Nothing but the lines from the one that contains "s = length (rmin_positions" through the end of the data should be reproduced, and each must match exactly.

(ENTRIES SHOWN begins)

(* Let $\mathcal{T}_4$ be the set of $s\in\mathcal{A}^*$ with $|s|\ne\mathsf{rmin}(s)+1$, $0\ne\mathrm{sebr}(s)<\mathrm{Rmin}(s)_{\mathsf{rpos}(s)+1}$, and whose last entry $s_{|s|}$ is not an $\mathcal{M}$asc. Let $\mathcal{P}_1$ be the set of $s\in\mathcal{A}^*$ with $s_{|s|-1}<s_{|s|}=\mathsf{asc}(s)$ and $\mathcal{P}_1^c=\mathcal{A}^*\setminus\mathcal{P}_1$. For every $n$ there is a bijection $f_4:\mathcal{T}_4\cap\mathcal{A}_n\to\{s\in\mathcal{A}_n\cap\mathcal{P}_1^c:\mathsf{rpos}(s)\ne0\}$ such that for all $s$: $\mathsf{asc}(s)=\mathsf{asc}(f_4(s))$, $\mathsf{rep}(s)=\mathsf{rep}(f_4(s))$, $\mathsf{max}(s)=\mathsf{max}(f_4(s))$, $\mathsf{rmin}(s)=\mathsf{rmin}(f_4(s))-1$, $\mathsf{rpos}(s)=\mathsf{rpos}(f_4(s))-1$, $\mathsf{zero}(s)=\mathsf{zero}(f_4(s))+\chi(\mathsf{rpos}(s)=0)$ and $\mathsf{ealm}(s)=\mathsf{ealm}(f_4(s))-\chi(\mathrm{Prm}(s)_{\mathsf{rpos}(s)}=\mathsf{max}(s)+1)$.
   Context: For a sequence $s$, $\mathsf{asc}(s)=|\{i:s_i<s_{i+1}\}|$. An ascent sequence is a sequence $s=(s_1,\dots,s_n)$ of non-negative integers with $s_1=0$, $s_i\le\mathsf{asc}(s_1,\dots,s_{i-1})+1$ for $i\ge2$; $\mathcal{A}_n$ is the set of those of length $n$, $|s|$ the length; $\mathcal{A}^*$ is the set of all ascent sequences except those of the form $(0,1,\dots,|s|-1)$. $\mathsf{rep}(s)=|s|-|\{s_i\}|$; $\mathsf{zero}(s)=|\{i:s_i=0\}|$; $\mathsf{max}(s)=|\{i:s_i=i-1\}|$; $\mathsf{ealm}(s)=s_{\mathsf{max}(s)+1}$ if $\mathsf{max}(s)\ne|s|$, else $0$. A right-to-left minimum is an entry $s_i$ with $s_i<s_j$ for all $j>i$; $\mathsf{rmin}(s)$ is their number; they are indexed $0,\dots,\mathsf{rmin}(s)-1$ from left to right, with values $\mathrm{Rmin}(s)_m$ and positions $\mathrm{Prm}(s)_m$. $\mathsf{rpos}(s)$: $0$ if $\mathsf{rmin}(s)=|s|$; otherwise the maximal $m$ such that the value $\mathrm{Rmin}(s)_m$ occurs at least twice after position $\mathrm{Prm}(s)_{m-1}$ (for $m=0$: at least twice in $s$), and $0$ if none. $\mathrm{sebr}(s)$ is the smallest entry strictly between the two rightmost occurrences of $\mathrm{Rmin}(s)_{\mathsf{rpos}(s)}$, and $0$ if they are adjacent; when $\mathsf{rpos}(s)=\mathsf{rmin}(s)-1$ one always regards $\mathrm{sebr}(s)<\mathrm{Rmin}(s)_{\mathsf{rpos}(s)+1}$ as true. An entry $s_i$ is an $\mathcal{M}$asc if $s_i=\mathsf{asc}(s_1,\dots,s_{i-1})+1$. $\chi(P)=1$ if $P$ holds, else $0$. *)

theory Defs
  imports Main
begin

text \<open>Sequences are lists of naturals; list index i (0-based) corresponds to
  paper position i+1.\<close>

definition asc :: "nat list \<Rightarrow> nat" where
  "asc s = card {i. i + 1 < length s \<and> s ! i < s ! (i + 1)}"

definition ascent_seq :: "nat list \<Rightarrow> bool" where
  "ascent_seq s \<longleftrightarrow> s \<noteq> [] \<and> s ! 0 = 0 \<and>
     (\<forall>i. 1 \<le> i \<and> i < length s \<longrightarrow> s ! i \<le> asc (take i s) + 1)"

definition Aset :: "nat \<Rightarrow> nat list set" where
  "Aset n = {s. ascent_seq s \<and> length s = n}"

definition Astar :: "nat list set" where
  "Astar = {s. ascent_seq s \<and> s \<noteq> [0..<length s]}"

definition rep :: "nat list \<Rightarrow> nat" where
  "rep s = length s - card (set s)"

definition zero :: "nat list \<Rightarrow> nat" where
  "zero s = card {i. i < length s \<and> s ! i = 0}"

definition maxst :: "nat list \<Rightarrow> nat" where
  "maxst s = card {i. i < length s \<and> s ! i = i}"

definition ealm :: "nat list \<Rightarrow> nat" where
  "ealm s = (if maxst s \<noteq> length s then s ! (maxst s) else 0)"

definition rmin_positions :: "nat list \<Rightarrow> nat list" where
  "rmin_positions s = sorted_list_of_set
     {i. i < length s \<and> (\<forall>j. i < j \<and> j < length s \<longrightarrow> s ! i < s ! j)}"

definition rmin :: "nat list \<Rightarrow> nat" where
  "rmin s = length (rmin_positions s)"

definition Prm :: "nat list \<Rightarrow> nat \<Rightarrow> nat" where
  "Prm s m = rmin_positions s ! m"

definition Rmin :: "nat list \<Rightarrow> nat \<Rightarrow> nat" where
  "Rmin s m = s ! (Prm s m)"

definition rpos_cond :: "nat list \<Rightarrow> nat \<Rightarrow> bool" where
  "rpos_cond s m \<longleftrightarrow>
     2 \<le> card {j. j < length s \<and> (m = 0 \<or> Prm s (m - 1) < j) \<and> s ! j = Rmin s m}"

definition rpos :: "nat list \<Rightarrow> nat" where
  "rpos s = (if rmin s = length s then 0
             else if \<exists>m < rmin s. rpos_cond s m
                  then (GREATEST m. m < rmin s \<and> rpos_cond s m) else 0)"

(ENTRIES SHOWN ends)

◆ COMPLETED TASK
  "rmin s = length (rmin_positions s)"

definition Prm :: "nat list \<Rightarrow> nat \<Rightarrow> nat" where
  "Prm s m = rmin_positions s ! m"

definition Rmin :: "nat list \<Rightarrow> nat \<Rightarrow> nat" where
  "Rmin s m = s ! (Prm s m)"

definition rpos_cond :: "nat list \<Rightarrow> nat \<Rightarrow> bool" where
  "rpos_cond s m \<longleftrightarrow>
     2 \<le> card {j. j < length s \<and> (m = 0 \<or> Prm s (m - 1) < j) \<and> s ! j = Rmin s m}"

definition rpos :: "nat list \<Rightarrow> nat" where
  "rpos s = (if rmin s = length s then 0
             else if \<exists>m < rmin s. rpos_cond s m
                  then (GREATEST m. m < rmin s \<and> rpos_cond s m) else 0)"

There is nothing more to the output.